With regard to Stephen Fry, is there an aspect of his persona you find especially irritating?
“It’s not the case that I’m going, ‘I can’t wait to do this joke because I’ll get a round of applause’,” responds Hughes. “A lot of the time people are going, ‘How dare you slag off our national treasure.’ It’s a weird thing. Reading a lot of that Hot Press issue, I just realised how boring comics are to talk to. They might be brilliant onstage, but it just looks rubbish on paper. I take it really way too seriously. For me, comedy is totally about the truth - I’m old school. That’s why, I practically never say a word, because it is the truth I will say.
“With the Stephen Fry thing, it’s kind of, ‘Yeah, this has to be said.’ It’s not an hilariously funny line, but I’m not frightened of saying shit. Like, I was in Belfast last week and I was doing stuff about Stephen Gately. Again, it’s not about him - I don’t like to see anyone dead, let’s get that straight - but it’s the media saying, ‘The brave Stephen Gately.’ I’m just saying, what was brave about coming out when he was forced out by the press? As a matter of fact, he’d been living a lie for such a long time. That’s not his fault, but you should never be frightened of who you are.
“Being forced out as gay by the press is not brave as far as I’m concerned.
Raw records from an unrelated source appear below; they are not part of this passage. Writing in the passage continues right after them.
(* For every $n\ge0$ and $t\in(0,1)$, $$t\frac{d}{dt}\ln h_n(t)=\alpha+\beta+\gamma+2n+1-R_n(t),$$ hence for $n\ge1$, $t\frac{d\beta_n}{dt}=\beta_n(2-R_n+R_{n-1})$, and the function $H_n(t):=t(t-1)\frac{d}{dt}\ln D_n(t)$ satisfies $$H_n(t)=n(n+\alpha+\beta+\gamma)(t-1)-(t-1)\sum_{j=0}^{n-1}R_j(t).$$
   Context: Fix $\alpha,\beta,\gamma>0$ and real constants $A,B$ with $A\ge0$, $A+B\ge0$, not both $A$ and $A+B$ equal to $0$. Let $\theta$ be the Heaviside function ($\theta(x)=1$ for $x>0$, $0$ otherwise). For $t\in(0,1)$ put $w(x,t)=x^{\alpha}(1-x)^{\beta}|x-t|^{\gamma}(A+B\theta(x-t))$ on $[0,1]$. Let $P_n(x,t)$ be the monic orthogonal polynomials w.r.t. $w(\cdot,t)$ on $[0,1]$, $\int_0^1P_mP_nw\,dx=h_n(t)\delta_{mn}$, $\beta_n=h_n/h_{n-1}$. Let $D_n(t)=\det\left(\int_0^1x^{i+j}w(x,t)dx\right)_{i,j=0}^{n-1}=\prod_{j=0}^{n-1}h_j(t)$. Define $R_n(t)=\frac{\beta}{h_n}\int_0^1\frac{P_n^2(y,t)w(y,t)}{1-y}dy$. *)

theory Defs
  imports "HOL-Analysis.Analysis" "HOL-Computational_Algebra.Polynomial"
begin

definition heaviside :: "real \<Rightarrow> real" where
  "heaviside x = (if x > 0 then 1 else 0)"

definition wt :: "real \<Rightarrow> real \<Rightarrow> real \<Rightarrow> real \<Rightarrow> real \<Rightarrow> real \<Rightarrow> real \<Rightarrow> real" where
  "wt a b g A B t x = x powr a * (1 - x) powr b * \<bar>x - t\<bar> powr g * (A + B * heaviside (x - t))"
(* Let $m\ge 3$ and let $l_1\le\cdots\le l_m$ be natural numbers with $l_1\ge 2$ and $l_2\ge 4$. Then $[\Theta(l_1,\ldots,l_m)]^2$ is equitably $k$-choosable for every $k\ge m+3$.
   Context: All graphs are finite and simple. $\Theta(l_1,\ldots,l_m)$ denotes the graph consisting of two vertices $u,w$ joined by $m$ internally disjoint paths of lengths $l_1,\ldots,l_m$; the $i$th path is $u, v_{i,1},\ldots,v_{i,l_i-1}, w$. For a graph $H$, $H^2$ has vertex set $V(H)$ with two vertices adjacent iff their distance in $H$ is 1 or 2. A $k$-assignment $L$ assigns to each vertex a set of exactly $k$ colors; an equitable $L$-coloring of $G$ is a proper coloring $f$ with $f(v)\in L(v)$ such that no color is used more than $\lceil |V(G)|/k\rceil$ times; $G$ is equitably $k$-choosable if it has an equitable $L$-coloring for every $k$-assignment $L$. *)

theory Defs
  imports Complex_Main
begin

(* Simple graphs given by a vertex set V and an adjacency relation E
   (assumed symmetric and irreflexive where relevant). *)

definition square_adj :: "('a \<Rightarrow> 'a \<Rightarrow> bool) \<Rightarrow> 'a \<Rightarrow> 'a \<Rightarrow> bool" where
  "square_adj E x y \<longleftrightarrow> x \<noteq> y \<and> (E x y \<or> (\<exists>z. E x z \<and> E z y))"

definition k_assignment :: "'a set \<Rightarrow> nat \<Rightarrow> ('a \<Rightarrow> 'c set) \<Rightarrow> bool" where
  "k_assignment V k L \<longleftrightarrow> (\<forall>v\<in>V. finite (L v) \<and> card (L v) = k)"

definition equitable_L_coloring ::
  "'a set \<Rightarrow> ('a \<Rightarrow> 'a \<Rightarrow> bool) \<Rightarrow> nat \<Rightarrow> ('a \<Rightarrow> 'c set) \<Rightarrow> ('a \<Rightarrow> 'c) \<Rightarrow> bool" where
  "equitable_L_coloring V E k L f \<longleftrightarrow>
     (\<forall>v\<in>V. f v \<in> L v) \<and>
     (\<forall>x\<in>V. \<forall>y\<in>V. E x y \<longrightarrow> f x \<noteq> f y) \<and>
     (\<forall>c. card {v\<in>V. f v = c} \<le> nat \<lceil>real (card V) / real k\<rceil>)"

definition equitably_choosable :: "'a set \<Rightarrow> ('a \<Rightarrow> 'a \<Rightarrow> bool) \<Rightarrow> nat \<Rightarrow> 'c itself \<Rightarrow> bool" where
  "equitably_choosable V E k (_ :: 'c itself) \<longleftrightarrow>
     (\<forall>L :: 'a \<Rightarrow> 'c set. k_assignment V k L \<longrightarrow> (\<exists>f. equitable_L_coloring V E k L f))"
If he’s brave, he should have joined to army, went to Afghanistan, and when the Taliban were just about to start shooting, he should have went, ‘I’m gay by the way.’” With Stephen Fry, I don’t mind the guy, and I haven’t had a run in with him, but it’s the antithesis of what Irish people find funny. England still finds word play hilarious, and I don’t, I find it kind of tedious. And he’s a champion of all that. Also, it’s that thing of trying to be a national treasure and being a prostitute at the same time. I don’t think you can have it both ways, unless you’re a really good prostitute.”
In general, Hughes has little time for artists of any kind who do advertising.
“It’s kind of what the new show is about as well,” he explains. “What age do you get to where you give up on your soul and just do things for the money. That’s why the Stephen Fry things stays in, because it’s important to talk about stuff like that. Also, Iggy Pop and Johnny Lydon are up there now as well. I despise those cunts now. I’ve done two novels, but I would never write an autobiography. I just don’t understand people who do that. There’s a slew of them out at the moment. I don’t really like people - I don’t like what they stand for. Last night I was in Coventry, and it was a brilliant show. It’s just a bunch of misfits who come and see me, and I adore them. I feel like I’m head of some kind of cult church!”